Activity
For the entries below, report every line that includes the word "shows".

Records shown
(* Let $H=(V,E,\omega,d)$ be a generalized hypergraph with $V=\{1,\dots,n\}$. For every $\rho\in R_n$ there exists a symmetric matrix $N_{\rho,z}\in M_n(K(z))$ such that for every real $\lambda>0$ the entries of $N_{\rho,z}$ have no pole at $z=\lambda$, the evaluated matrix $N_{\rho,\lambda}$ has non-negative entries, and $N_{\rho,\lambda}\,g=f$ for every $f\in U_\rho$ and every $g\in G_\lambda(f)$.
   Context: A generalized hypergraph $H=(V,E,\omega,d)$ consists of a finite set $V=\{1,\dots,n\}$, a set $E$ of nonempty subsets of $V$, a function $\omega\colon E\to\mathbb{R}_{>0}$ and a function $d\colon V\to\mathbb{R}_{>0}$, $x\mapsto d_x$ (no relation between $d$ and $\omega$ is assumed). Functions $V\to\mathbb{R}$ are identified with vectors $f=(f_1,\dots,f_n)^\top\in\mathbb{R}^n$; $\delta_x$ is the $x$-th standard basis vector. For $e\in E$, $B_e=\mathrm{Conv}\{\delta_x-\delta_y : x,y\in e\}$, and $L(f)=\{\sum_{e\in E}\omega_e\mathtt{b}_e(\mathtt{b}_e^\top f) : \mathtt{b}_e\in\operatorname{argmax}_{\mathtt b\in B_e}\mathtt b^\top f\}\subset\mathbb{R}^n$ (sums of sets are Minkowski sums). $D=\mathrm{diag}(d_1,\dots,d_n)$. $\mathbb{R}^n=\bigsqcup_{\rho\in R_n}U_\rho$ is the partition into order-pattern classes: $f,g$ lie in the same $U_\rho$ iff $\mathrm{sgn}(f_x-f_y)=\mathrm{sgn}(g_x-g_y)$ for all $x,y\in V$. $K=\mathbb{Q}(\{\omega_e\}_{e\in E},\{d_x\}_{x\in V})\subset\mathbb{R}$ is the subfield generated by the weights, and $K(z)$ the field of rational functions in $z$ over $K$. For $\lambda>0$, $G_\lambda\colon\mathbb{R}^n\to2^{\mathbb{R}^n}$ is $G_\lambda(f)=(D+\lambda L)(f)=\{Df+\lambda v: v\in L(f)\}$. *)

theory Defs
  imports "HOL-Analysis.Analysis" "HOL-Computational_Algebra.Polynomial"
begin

* * *

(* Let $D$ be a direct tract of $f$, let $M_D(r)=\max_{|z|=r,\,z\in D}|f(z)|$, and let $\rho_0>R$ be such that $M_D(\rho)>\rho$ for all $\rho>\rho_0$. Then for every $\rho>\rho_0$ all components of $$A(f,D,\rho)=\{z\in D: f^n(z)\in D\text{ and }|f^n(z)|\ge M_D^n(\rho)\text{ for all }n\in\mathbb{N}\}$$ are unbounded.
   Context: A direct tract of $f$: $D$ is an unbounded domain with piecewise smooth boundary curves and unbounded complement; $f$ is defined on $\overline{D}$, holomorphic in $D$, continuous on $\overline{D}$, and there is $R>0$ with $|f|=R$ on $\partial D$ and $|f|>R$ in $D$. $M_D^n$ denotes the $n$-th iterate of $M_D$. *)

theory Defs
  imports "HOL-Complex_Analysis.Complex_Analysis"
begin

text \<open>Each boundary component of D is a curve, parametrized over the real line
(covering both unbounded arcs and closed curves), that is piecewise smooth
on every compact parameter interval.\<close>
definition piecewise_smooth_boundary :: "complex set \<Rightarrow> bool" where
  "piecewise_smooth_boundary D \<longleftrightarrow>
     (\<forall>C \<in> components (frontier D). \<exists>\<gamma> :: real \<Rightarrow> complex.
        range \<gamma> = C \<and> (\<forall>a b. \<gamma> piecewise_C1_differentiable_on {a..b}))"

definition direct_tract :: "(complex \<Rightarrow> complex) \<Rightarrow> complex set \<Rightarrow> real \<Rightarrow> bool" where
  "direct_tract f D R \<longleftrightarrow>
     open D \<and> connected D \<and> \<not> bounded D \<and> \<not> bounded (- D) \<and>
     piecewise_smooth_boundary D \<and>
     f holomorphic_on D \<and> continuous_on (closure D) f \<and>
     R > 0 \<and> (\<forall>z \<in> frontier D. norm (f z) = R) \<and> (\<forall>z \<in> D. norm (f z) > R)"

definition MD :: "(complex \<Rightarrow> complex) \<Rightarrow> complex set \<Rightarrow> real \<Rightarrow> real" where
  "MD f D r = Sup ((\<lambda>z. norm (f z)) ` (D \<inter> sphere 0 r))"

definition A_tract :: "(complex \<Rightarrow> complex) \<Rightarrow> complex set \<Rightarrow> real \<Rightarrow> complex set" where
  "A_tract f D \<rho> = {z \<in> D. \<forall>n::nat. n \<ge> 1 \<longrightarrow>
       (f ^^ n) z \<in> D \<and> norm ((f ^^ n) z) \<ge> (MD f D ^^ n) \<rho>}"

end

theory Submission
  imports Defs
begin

...

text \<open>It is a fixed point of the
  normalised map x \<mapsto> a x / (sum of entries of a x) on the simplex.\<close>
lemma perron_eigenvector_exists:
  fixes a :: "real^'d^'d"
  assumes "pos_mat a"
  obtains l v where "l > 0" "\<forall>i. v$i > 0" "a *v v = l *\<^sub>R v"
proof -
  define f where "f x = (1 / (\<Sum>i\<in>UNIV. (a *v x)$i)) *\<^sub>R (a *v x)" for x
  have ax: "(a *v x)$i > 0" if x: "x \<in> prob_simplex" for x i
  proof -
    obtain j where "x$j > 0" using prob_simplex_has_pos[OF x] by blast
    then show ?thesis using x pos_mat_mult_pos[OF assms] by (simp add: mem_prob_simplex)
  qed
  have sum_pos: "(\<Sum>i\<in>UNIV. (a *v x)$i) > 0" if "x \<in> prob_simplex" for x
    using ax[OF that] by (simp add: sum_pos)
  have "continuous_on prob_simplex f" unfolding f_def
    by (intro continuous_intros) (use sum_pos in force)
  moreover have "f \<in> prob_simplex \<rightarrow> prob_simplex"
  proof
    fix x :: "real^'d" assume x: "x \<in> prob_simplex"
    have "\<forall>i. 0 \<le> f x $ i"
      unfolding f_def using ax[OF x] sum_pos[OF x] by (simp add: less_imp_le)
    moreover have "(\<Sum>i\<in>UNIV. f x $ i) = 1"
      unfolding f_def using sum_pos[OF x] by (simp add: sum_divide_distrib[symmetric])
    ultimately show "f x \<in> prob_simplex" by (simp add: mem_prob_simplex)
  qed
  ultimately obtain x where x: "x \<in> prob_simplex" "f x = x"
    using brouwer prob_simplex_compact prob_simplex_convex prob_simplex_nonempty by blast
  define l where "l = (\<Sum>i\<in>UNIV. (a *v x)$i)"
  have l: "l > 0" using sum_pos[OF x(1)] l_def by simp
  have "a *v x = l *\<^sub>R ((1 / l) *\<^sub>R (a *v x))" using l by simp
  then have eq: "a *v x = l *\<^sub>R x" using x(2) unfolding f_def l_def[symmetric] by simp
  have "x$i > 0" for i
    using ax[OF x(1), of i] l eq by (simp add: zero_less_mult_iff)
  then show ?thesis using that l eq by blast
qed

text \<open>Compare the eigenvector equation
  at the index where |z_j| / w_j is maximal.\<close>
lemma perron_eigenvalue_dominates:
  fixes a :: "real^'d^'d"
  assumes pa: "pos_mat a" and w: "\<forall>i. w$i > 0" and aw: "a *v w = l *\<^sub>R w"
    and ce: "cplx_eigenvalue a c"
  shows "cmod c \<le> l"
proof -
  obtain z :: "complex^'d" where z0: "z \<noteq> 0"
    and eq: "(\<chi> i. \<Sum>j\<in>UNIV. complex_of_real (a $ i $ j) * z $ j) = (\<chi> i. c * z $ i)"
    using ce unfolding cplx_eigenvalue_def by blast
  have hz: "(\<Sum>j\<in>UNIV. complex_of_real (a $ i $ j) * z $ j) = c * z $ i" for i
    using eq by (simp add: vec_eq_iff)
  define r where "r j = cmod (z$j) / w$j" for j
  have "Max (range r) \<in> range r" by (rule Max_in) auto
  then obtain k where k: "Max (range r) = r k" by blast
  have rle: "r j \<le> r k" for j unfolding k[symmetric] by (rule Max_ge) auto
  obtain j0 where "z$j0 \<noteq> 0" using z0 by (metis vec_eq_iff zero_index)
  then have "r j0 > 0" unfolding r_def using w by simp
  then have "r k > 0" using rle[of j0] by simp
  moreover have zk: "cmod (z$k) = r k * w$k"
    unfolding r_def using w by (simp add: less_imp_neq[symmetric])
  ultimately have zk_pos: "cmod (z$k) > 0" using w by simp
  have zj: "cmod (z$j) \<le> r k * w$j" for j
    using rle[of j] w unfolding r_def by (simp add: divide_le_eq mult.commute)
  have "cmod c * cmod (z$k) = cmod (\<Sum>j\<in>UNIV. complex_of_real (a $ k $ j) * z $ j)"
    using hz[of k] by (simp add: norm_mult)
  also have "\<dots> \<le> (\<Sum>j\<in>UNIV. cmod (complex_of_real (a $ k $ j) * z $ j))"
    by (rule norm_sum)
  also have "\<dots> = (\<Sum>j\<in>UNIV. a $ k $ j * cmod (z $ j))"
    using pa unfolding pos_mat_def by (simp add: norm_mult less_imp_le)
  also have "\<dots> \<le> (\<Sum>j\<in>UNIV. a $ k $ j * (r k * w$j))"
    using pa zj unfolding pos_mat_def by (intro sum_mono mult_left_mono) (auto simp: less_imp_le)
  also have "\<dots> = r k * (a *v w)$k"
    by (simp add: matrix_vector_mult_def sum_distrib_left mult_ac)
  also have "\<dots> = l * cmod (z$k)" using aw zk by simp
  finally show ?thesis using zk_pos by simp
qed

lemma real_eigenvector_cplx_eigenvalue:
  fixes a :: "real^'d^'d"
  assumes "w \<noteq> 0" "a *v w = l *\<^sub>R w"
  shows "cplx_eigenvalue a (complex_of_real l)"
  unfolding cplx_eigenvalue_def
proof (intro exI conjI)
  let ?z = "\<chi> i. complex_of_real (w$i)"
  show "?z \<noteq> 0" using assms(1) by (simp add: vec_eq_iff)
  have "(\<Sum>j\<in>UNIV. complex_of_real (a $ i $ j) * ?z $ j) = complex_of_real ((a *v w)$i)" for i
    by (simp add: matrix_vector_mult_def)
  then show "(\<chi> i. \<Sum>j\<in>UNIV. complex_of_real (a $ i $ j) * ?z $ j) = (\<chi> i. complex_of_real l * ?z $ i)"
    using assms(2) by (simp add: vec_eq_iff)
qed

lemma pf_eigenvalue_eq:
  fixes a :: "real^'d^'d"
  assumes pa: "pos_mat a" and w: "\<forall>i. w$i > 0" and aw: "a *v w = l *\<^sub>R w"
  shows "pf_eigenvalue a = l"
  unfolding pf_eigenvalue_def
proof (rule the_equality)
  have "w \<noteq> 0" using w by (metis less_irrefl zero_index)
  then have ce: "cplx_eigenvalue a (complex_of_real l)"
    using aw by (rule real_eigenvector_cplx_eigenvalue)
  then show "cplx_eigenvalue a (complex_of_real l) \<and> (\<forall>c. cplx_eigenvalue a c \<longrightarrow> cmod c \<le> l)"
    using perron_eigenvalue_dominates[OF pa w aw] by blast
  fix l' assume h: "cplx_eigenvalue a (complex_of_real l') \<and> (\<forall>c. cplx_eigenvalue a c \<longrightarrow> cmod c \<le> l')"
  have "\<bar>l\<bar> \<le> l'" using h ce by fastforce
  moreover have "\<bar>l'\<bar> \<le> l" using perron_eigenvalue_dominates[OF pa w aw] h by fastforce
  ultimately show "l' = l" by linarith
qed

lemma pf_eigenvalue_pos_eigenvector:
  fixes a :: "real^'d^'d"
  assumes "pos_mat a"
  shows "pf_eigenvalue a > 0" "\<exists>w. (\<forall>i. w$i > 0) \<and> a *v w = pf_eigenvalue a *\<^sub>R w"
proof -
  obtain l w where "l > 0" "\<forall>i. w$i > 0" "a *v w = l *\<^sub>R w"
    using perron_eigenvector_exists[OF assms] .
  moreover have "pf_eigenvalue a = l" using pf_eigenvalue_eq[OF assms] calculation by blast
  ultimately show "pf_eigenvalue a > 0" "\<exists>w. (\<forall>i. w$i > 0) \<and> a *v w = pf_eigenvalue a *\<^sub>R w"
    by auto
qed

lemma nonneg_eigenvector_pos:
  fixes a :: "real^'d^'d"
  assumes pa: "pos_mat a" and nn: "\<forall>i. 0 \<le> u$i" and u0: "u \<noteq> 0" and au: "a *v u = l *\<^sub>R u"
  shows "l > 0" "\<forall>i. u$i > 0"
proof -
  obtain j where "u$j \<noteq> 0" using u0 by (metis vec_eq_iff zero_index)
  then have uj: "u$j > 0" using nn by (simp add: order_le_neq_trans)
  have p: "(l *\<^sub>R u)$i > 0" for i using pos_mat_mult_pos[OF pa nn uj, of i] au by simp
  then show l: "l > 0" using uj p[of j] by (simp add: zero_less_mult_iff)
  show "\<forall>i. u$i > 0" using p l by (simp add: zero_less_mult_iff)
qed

Solution
  shows "cmod c \<le> l"
  shows "cplx_eigenvalue a (complex_of_real l)"
  shows "pf_eigenvalue a = l"
  shows "pf_eigenvalue a > 0" "\<exists>w. (\<forall>i. w$i > 0) \<and> a *v w = pf_eigenvalue a *\<^sub>R w"
  shows "l > 0" "\<forall>i. u$i > 0"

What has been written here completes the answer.